Assignment: Nothing but a number should be given: how many lines of the records include "FFalse"?
***
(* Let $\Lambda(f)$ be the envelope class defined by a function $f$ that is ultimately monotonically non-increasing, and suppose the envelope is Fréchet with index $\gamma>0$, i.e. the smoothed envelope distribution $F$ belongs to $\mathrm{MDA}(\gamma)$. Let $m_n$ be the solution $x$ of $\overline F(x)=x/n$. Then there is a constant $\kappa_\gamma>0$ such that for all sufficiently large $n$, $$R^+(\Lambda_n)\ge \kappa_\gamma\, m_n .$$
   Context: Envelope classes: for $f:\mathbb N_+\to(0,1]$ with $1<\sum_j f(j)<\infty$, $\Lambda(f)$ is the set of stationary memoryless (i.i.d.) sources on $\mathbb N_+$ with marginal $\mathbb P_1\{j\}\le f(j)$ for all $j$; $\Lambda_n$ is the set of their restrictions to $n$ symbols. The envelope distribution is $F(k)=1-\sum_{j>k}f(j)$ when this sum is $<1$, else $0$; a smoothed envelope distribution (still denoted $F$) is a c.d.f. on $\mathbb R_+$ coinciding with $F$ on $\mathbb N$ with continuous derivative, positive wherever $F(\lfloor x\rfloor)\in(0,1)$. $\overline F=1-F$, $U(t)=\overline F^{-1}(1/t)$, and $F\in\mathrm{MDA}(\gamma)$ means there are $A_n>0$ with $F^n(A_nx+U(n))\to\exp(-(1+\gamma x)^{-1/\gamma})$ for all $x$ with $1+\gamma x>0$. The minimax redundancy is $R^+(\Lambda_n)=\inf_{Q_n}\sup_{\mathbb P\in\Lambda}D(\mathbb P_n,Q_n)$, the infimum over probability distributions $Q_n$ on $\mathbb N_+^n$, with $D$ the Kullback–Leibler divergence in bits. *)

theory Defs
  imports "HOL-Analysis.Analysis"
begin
***
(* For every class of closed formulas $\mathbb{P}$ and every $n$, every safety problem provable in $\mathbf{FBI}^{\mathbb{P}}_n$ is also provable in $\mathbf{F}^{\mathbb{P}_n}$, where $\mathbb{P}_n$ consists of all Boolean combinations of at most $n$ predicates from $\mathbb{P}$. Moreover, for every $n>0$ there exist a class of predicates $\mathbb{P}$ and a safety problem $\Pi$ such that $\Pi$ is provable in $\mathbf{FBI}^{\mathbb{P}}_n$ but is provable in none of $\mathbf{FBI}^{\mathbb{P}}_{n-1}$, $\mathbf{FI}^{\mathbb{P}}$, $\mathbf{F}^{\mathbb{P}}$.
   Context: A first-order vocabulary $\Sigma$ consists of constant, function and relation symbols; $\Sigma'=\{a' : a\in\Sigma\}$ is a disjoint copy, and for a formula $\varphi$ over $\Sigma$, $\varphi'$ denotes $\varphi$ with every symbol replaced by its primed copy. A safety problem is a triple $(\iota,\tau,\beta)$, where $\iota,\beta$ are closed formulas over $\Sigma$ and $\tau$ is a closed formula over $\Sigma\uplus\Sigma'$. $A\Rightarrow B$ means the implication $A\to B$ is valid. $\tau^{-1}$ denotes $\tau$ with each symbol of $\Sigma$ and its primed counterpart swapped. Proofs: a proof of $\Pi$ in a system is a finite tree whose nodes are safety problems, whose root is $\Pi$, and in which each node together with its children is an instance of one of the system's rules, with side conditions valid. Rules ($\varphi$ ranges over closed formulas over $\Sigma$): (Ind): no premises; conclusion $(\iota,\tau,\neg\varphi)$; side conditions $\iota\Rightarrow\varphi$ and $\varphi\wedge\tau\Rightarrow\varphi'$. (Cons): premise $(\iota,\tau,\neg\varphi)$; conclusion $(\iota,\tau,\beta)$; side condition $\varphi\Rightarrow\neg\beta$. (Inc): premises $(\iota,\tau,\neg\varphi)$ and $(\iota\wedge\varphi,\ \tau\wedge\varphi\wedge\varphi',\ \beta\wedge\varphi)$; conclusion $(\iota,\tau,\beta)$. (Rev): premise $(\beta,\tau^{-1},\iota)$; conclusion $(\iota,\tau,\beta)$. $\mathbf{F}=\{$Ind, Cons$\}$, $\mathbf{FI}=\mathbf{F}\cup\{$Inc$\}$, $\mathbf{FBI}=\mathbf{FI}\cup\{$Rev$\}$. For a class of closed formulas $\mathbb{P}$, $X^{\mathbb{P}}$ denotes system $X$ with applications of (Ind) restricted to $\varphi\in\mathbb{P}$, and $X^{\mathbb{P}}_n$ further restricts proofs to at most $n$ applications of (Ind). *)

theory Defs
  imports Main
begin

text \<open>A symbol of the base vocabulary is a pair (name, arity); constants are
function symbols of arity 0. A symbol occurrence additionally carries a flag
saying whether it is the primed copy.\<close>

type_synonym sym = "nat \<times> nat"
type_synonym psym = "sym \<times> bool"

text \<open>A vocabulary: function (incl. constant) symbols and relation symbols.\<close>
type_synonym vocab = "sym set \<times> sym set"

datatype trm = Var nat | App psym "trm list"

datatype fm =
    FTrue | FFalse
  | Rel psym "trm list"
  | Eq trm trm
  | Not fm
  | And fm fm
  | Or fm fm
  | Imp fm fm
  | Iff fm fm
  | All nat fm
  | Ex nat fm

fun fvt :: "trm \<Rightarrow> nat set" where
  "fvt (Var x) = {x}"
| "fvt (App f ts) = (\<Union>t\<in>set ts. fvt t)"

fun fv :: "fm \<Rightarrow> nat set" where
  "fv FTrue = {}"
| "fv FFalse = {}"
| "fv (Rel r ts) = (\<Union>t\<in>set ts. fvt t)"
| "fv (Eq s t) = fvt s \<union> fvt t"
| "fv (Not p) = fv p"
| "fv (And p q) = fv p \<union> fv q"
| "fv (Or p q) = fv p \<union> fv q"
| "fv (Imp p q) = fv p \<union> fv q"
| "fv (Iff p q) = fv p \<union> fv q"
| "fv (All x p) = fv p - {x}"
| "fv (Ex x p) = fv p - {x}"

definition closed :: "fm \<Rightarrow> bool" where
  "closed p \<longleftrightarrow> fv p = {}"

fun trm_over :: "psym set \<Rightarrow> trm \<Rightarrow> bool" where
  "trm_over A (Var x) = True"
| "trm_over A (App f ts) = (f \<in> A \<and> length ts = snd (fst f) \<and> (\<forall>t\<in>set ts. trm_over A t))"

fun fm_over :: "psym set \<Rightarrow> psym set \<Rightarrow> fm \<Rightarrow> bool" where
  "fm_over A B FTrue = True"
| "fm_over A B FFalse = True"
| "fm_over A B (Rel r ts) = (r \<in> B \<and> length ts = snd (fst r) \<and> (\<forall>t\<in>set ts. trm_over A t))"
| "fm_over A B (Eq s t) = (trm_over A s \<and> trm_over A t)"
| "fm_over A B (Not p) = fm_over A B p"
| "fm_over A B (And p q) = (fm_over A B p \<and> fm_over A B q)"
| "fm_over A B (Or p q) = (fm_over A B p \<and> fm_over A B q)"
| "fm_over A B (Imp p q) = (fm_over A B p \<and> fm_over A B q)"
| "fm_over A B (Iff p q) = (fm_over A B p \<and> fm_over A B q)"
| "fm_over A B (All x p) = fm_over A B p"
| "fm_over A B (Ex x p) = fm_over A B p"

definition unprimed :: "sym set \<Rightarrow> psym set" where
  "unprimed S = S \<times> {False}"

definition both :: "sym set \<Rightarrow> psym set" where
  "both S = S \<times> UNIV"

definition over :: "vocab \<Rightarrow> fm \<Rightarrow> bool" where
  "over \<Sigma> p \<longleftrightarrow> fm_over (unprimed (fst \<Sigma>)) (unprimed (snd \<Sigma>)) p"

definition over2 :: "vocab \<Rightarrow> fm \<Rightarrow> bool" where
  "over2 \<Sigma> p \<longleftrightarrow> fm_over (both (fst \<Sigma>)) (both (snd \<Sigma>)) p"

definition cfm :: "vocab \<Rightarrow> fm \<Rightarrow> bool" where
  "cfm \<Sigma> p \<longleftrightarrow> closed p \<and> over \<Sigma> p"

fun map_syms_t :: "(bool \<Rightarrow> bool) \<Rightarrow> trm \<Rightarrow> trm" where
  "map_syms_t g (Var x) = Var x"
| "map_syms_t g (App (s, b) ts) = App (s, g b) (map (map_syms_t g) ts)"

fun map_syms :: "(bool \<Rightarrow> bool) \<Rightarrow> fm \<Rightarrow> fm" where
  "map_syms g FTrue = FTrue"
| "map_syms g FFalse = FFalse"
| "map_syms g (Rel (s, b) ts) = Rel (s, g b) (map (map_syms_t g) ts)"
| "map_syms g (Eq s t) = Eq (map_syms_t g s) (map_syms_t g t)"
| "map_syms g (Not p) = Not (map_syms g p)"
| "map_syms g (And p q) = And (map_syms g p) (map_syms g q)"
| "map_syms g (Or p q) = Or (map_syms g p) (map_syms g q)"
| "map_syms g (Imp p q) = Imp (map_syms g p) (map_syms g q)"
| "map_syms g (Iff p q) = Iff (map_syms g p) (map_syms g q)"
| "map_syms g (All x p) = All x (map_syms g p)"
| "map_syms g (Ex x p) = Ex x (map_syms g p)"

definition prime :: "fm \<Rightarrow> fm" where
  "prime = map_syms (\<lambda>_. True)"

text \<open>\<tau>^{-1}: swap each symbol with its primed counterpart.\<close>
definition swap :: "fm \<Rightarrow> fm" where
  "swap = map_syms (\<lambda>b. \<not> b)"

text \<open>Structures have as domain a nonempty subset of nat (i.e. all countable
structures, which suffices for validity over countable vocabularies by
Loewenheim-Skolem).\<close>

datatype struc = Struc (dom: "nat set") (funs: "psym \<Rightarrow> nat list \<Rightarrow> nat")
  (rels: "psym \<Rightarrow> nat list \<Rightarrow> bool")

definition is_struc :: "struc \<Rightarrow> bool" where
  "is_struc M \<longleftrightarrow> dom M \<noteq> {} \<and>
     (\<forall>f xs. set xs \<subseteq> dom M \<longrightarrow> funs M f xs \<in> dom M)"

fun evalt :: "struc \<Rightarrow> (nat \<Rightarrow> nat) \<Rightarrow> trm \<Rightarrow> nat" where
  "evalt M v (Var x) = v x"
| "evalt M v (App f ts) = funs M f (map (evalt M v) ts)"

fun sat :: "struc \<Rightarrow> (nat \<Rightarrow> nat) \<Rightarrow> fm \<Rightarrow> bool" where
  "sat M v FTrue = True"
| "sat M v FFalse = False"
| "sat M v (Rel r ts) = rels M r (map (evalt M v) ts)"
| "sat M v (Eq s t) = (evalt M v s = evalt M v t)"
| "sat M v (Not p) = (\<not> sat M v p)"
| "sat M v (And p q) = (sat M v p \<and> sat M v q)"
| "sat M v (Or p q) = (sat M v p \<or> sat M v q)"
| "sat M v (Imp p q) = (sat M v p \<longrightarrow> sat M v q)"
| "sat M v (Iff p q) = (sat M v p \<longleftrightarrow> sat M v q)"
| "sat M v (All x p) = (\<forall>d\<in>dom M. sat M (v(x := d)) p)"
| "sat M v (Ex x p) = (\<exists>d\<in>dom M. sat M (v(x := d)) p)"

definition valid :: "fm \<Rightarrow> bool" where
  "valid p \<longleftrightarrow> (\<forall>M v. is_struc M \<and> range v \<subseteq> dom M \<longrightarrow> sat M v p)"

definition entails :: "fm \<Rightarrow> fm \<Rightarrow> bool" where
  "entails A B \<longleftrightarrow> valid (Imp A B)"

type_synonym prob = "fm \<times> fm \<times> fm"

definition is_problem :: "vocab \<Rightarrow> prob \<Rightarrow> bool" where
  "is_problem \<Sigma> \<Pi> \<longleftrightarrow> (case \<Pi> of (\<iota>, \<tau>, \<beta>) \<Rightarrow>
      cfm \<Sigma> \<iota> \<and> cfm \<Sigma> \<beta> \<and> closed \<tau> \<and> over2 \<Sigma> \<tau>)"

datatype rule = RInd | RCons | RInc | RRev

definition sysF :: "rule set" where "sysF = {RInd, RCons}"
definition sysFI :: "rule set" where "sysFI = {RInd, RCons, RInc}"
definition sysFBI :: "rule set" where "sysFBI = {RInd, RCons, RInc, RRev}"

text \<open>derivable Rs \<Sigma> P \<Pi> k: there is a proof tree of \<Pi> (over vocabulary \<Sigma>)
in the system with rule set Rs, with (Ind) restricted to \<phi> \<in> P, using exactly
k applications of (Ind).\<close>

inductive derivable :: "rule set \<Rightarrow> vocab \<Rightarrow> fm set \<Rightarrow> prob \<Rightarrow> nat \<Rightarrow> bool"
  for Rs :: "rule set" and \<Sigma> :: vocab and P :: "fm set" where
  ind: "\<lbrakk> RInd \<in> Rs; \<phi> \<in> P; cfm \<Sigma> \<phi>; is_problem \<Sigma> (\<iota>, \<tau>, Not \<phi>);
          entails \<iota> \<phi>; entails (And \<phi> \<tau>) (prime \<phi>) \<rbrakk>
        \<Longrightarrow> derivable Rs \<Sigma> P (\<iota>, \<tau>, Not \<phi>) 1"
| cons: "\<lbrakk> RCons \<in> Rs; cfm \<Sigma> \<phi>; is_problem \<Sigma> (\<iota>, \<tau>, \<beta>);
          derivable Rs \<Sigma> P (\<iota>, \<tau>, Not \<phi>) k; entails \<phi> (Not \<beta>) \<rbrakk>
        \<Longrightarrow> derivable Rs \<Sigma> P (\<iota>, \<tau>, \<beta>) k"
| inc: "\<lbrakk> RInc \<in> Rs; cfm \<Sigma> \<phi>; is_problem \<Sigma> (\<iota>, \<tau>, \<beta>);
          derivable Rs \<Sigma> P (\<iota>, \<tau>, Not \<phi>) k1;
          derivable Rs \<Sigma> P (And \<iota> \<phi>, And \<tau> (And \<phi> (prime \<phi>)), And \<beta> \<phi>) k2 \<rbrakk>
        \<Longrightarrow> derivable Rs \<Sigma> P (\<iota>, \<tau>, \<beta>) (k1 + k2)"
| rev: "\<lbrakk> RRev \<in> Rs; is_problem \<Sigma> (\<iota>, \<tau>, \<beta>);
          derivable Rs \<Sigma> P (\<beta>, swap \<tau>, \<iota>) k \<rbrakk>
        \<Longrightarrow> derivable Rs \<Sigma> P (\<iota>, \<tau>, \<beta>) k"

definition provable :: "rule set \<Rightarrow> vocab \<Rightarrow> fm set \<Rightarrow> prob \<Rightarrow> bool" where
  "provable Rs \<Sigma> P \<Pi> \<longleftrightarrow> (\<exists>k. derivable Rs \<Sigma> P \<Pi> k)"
***
Expected answer: 5